On the other hand, this could be as well an exmple if the C++ initalization syntax, and in C++11 we could write as well:
  TreeDataCIterator it  { m_treeDataList.begin() }, 
                    end { m_treeDataList.end() };
Not that LISPy at all (instead maybe a little confusing)! But seriously, don't you think arguing about this is a loss of time? Well, not really, good code should be readable, and if we care about our code, it's does matter. But then I find myself increasingly obsessed with code formatting and visual appeal of my code. It's certainly not wrong, but it robs my brain of its preciuos ressources. Remember? Your brain can hold in memory only 6-7 items at the same time, so decreasing mental load is a blessing for it. Not mentioning that formatting and reformatting your code takes time.
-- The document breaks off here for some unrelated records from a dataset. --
lemma Least_eq_if_agree_below:
  fixes P Q :: "nat \<Rightarrow> bool"
  assumes "P n" and agree: "\<And>k. k \<le> (LEAST k. P k) \<Longrightarrow> Q k \<longleftrightarrow> P k"
  shows "(LEAST k. Q k) = (LEAST k. P k)"
proof (rule Least_equality)
  show "Q (LEAST k. P k)"
    using agree LeastI[of P, OF \<open>P n\<close>] by blast
  show "(LEAST k. P k) \<le> j" if "Q j" for j
    using that agree not_less_Least[of j P] by (meson linorder_not_le order_less_imp_le)
qed

text \<open>In a non-Hausdorff space the values of a path on \<open>[0, t)\<close> do not determine its value at
  \<open>t\<close>. The lion therefore follows a path chosen from the germ of \<open>\<alpha>\<close> to the right of \<open>s\<close>,
  which is determined by \<open>\<alpha>\<close> on \<open>[0, t)\<close> for every \<open>t > s\<close>.\<close>

definition germ_path :: "'a topology \<Rightarrow> 'a \<Rightarrow> real \<Rightarrow> (real \<Rightarrow> 'a) \<Rightarrow> real \<Rightarrow> 'a" where
  "germ_path X m s \<alpha> =
     (SOME \<gamma>. \<gamma> \<in> paths_from X m \<and> (\<exists>s'>s. \<forall>u. 0 \<le> u \<and> u < s' \<longrightarrow> \<gamma> u = \<alpha> u))"

lemma germ_path:
  assumes "\<alpha> \<in> paths_from X m"
  shows "germ_path X m s \<alpha> \<in> paths_from X m"
    and "\<exists>s'>s. \<forall>u. 0 \<le> u \<and> u < s' \<longrightarrow> germ_path X m s \<alpha> u = \<alpha> u"
proof -
  have "germ_path X m s \<alpha> \<in> paths_from X m \<and>
      (\<exists>s'>s. \<forall>u. 0 \<le> u \<and> u < s' \<longrightarrow> germ_path X m s \<alpha> u = \<alpha> u)"
    unfolding germ_path_def by (rule someI[of _ \<alpha>]) (use assms in \<open>auto intro: gt_ex\<close>)
  then show "germ_path X m s \<alpha> \<in> paths_from X m"
    and "\<exists>s'>s. \<forall>u. 0 \<le> u \<and> u < s' \<longrightarrow> germ_path X m s \<alpha> u = \<alpha> u"
    by blast+
qed

lemma germ_path_cong:
  assumes agree: "\<forall>u. 0 \<le> u \<and> u < t \<longrightarrow> \<alpha> u = \<alpha>' u" and "s < t"
  shows "germ_path X m s \<alpha> = germ_path X m s \<alpha>'"
proof -
  have "(\<exists>s'>s. \<forall>u. 0 \<le> u \<and> u < s' \<longrightarrow> \<gamma> u = \<alpha> u) \<longleftrightarrow>
        (\<exists>s'>s. \<forall>u. 0 \<le> u \<and> u < s' \<longrightarrow> \<gamma> u = \<alpha>' u)" for \<gamma>
    using agree \<open>s < t\<close> by (metis min_less_iff_conj)
  then show ?thesis
    unfolding germ_path_def by simp
qed

locale lion_tour =
  fixes X :: "'a topology" and m l :: 'a
    and tour :: "nat \<Rightarrow> real \<Rightarrow> 'a" and T :: "nat \<Rightarrow> real"
  assumes continuous_tour: "continuous_map euclideanreal X (tour k)"
    and tour_prefix: "j \<le> k \<Longrightarrow> t \<le> T j \<Longrightarrow> tour k t = tour j t"
    and tour_start: "tour k 0 = l"
    and mono_times: "mono T"
    and times_nonneg: "0 \<le> T k"
    and man_meets_hull: "\<alpha> \<in> paths_from X m \<Longrightarrow> \<exists>k. \<alpha> (T k) \<in> open_hull X {tour k (T k)}"
begin

definition meeting :: "(real \<Rightarrow> 'a) \<Rightarrow> nat" where
  "meeting \<alpha> = (LEAST k. \<alpha> (T k) \<in> open_hull X {tour k (T k)})"

definition strategy :: "(real \<Rightarrow> 'a) \<Rightarrow> real \<Rightarrow> 'a" where
  "strategy \<alpha> t =
     (if t \<le> T (meeting \<alpha>) then tour (meeting \<alpha>) t else germ_path X m (T (meeting \<alpha>)) \<alpha> t)"

lemma meeting_in_hull:
  "\<alpha> \<in> paths_from X m \<Longrightarrow> \<alpha> (T (meeting \<alpha>)) \<in> open_hull X {tour (meeting \<alpha>) (T (meeting \<alpha>))}"
  unfolding meeting_def by (rule LeastI_ex) (rule man_meets_hull)

lemma meeting_cong:
  assumes "\<alpha> \<in> paths_from X m" and agree: "\<forall>u. 0 \<le> u \<and> u < t \<longrightarrow> \<alpha> u = \<alpha>' u"
    and "T (meeting \<alpha>) < t"
  shows "meeting \<alpha>' = meeting \<alpha>"
  unfolding meeting_def
proof (rule Least_eq_if_agree_below)
  show "\<alpha> (T (meeting \<alpha>)) \<in> open_hull X {tour (meeting \<alpha>) (T (meeting \<alpha>))}"
    using meeting_in_hull[OF assms(1)] .
  fix k assume "k \<le> (LEAST k. \<alpha> (T k) \<in> open_hull X {tour k (T k)})"
  then have "T k < t"
    using monoD[OF mono_times] \<open>T (meeting \<alpha>) < t\<close> unfolding meeting_def by fastforce
  then have "\<alpha>' (T k) = \<alpha> (T k)"
    using agree times_nonneg by simp
  then show "\<alpha>' (T k) \<in> open_hull X {tour k (T k)} \<longleftrightarrow> \<alpha> (T k) \<in> open_hull X {tour k (T k)}"
    by simp
qed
And the worst is, that your favourite formatting style at the moment won't be that in the next year. Myself, I was in projects where the coding styles looken at first insane to me! And I arguend and ranted but complied to them for the greater (i.e. project's) good. An guess what, now I'm using elements of these coding styles in my own code! Ok, not everything, but some parts weren't so nutty at all. What does that mean? Yes, you guessed it: coding styles doen't matter at all. But switching between them does!

So why we just don't stop doing this? Why don't let wo the computer do this and concertrate on more important aspects oif code? There are so many of them! As I first read about Go's policy about code formatting I wasn't too enthusiastic about it. But meanwhile I find it a good idea: only one prescribed layout style automatically imposed on your source code! Let's forget about coding standards and concentrate on problem solving!